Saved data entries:
---------------

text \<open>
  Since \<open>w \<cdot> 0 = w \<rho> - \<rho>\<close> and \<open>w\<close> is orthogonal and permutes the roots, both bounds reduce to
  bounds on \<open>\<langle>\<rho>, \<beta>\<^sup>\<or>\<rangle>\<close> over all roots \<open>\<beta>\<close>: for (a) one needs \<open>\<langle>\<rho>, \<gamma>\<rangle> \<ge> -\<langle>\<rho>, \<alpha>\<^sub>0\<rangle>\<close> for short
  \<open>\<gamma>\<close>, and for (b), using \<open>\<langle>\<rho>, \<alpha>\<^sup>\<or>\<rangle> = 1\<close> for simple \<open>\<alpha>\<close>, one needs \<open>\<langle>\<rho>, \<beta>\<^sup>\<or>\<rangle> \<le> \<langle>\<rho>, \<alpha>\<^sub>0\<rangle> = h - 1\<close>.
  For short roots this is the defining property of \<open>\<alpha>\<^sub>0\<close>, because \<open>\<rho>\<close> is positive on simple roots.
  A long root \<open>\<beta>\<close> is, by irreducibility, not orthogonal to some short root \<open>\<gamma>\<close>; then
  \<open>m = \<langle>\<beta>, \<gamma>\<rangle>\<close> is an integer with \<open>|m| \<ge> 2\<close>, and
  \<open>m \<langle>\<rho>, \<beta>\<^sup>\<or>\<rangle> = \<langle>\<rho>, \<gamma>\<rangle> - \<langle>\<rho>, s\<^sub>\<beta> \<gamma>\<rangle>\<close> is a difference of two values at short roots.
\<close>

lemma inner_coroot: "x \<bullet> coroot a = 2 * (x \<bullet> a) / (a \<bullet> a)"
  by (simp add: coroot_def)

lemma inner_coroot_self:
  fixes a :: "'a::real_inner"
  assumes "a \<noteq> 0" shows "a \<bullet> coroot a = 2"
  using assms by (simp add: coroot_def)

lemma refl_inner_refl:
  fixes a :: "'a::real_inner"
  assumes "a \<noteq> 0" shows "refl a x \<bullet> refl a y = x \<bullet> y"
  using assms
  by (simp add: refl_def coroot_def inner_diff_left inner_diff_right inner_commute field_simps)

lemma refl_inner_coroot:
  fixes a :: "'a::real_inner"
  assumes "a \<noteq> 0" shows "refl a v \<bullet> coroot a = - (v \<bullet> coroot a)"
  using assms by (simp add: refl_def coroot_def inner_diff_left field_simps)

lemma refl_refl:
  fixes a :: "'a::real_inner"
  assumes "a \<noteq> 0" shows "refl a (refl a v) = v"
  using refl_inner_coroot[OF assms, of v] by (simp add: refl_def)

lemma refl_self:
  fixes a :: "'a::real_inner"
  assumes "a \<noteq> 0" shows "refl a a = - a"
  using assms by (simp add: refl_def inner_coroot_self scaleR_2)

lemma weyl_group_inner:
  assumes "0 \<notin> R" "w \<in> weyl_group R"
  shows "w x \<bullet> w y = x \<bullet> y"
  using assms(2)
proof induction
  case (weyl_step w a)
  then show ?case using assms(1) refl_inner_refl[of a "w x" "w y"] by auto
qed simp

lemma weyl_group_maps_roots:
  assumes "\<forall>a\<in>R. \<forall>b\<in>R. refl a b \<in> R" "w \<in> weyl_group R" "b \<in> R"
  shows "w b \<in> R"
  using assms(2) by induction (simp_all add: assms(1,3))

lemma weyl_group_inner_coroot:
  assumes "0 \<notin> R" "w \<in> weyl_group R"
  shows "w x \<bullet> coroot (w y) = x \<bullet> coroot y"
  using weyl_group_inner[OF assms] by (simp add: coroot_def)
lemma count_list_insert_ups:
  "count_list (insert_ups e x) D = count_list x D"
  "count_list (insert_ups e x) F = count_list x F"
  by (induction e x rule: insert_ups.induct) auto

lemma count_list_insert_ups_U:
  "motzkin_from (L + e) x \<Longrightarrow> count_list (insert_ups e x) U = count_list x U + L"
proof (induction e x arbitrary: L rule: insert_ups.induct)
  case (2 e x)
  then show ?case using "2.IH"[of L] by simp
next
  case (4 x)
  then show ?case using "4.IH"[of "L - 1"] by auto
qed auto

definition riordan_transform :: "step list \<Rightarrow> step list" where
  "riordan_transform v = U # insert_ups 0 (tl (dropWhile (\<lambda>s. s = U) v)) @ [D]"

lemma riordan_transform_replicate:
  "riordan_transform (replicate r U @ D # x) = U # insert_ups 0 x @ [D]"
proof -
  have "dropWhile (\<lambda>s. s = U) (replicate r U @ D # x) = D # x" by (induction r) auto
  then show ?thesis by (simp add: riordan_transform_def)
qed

---------------

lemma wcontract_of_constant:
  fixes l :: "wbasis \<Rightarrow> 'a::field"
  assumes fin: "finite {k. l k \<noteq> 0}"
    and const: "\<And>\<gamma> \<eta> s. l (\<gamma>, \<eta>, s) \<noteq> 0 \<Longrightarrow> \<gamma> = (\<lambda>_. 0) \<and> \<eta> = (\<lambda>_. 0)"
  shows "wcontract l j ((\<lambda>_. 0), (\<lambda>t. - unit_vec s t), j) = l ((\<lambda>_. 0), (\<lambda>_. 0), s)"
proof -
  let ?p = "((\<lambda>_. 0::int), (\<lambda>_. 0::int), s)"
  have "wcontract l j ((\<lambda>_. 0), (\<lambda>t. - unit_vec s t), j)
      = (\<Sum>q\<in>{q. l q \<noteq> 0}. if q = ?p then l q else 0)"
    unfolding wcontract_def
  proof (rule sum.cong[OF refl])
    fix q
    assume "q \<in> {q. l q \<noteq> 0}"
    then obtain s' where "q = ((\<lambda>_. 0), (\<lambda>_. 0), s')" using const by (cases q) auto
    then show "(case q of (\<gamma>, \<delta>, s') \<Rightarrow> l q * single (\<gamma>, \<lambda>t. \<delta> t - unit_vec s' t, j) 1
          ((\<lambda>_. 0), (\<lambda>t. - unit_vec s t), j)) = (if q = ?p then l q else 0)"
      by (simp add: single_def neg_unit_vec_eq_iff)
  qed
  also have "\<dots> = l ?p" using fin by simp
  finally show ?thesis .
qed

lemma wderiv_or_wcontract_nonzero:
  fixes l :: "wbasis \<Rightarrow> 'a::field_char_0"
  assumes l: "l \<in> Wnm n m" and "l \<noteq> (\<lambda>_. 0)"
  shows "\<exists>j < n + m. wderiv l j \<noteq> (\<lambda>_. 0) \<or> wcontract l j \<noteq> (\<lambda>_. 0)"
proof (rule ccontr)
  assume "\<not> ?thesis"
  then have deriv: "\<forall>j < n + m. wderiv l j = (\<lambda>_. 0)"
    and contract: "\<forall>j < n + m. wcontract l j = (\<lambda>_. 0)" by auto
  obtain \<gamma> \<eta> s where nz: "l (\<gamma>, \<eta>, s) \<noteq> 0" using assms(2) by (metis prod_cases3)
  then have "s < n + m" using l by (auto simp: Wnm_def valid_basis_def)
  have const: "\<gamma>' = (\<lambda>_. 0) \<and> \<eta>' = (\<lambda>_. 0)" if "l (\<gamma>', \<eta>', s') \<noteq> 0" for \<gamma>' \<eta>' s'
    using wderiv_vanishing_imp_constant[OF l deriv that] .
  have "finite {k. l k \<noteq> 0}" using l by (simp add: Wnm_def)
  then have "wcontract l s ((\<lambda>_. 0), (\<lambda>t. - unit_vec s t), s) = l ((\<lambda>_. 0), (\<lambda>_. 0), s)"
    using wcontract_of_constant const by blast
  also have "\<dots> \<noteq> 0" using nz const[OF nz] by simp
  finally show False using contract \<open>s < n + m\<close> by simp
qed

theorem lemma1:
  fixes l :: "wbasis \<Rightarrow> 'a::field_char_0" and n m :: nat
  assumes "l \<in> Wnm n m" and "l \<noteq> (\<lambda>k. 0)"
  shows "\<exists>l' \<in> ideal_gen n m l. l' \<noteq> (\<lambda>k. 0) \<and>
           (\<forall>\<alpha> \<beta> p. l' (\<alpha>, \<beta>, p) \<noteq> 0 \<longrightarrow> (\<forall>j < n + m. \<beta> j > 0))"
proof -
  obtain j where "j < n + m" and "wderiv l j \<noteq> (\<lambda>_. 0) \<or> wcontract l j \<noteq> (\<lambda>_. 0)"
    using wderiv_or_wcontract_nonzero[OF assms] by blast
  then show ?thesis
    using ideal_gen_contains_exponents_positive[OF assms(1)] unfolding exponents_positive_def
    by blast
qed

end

---------------

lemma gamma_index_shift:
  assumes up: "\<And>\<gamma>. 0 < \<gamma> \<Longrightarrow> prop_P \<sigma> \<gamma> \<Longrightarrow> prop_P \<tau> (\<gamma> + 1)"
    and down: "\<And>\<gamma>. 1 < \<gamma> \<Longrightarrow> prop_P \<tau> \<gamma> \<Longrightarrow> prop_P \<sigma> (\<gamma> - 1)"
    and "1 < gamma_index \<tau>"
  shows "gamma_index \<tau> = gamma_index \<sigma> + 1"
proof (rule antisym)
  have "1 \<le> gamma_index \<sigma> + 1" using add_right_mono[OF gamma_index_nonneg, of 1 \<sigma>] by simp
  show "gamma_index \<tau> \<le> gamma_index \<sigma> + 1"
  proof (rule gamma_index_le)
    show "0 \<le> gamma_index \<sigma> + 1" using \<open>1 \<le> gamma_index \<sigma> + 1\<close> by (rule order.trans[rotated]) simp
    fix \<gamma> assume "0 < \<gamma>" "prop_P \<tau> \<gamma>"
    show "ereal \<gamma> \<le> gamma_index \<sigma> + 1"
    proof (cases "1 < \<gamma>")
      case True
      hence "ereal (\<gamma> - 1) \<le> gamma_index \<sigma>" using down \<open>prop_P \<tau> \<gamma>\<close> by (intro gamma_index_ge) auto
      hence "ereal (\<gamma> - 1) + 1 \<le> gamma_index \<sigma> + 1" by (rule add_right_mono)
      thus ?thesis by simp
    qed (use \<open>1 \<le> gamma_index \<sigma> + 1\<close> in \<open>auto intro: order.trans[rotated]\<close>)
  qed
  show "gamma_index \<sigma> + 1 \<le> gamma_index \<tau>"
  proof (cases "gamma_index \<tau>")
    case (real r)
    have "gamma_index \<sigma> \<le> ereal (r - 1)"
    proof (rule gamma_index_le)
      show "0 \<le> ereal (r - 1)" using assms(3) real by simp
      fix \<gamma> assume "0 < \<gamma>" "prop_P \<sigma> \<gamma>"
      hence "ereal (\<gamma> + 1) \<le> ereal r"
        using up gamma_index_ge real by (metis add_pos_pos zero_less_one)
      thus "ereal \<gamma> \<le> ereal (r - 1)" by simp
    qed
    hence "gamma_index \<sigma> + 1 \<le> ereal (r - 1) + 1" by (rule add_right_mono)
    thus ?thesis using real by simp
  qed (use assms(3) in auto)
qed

---------------

In the records above, find the line with "proof (rule sum.cong[OF refl])"; write out exactly that line and each one after it, stopping after the line with "using wcontract_of_constant const".

Solution:
  proof (rule sum.cong[OF refl])
    fix q
    assume "q \<in> {q. l q \<noteq> 0}"
    then obtain s' where "q = ((\<lambda>_. 0), (\<lambda>_. 0), s')" using const by (cases q) auto
    then show "(case q of (\<gamma>, \<delta>, s') \<Rightarrow> l q * single (\<gamma>, \<lambda>t. \<delta> t - unit_vec s' t, j) 1
          ((\<lambda>_. 0), (\<lambda>t. - unit_vec s t), j)) = (if q = ?p then l q else 0)"
      by (simp add: single_def neg_unit_vec_eq_iff)
  qed
  also have "\<dots> = l ?p" using fin by simp
  finally show ?thesis .
qed

lemma wderiv_or_wcontract_nonzero:
  fixes l :: "wbasis \<Rightarrow> 'a::field_char_0"
  assumes l: "l \<in> Wnm n m" and "l \<noteq> (\<lambda>_. 0)"
  shows "\<exists>j < n + m. wderiv l j \<noteq> (\<lambda>_. 0) \<or> wcontract l j \<noteq> (\<lambda>_. 0)"
proof (rule ccontr)
  assume "\<not> ?thesis"
  then have deriv: "\<forall>j < n + m. wderiv l j = (\<lambda>_. 0)"
    and contract: "\<forall>j < n + m. wcontract l j = (\<lambda>_. 0)" by auto
  obtain \<gamma> \<eta> s where nz: "l (\<gamma>, \<eta>, s) \<noteq> 0" using assms(2) by (metis prod_cases3)
  then have "s < n + m" using l by (auto simp: Wnm_def valid_basis_def)
  have const: "\<gamma>' = (\<lambda>_. 0) \<and> \<eta>' = (\<lambda>_. 0)" if "l (\<gamma>', \<eta>', s') \<noteq> 0" for \<gamma>' \<eta>' s'
    using wderiv_vanishing_imp_constant[OF l deriv that] .
  have "finite {k. l k \<noteq> 0}" using l by (simp add: Wnm_def)
  then have "wcontract l s ((\<lambda>_. 0), (\<lambda>t. - unit_vec s t), s) = l ((\<lambda>_. 0), (\<lambda>_. 0), s)"
    using wcontract_of_constant const by blast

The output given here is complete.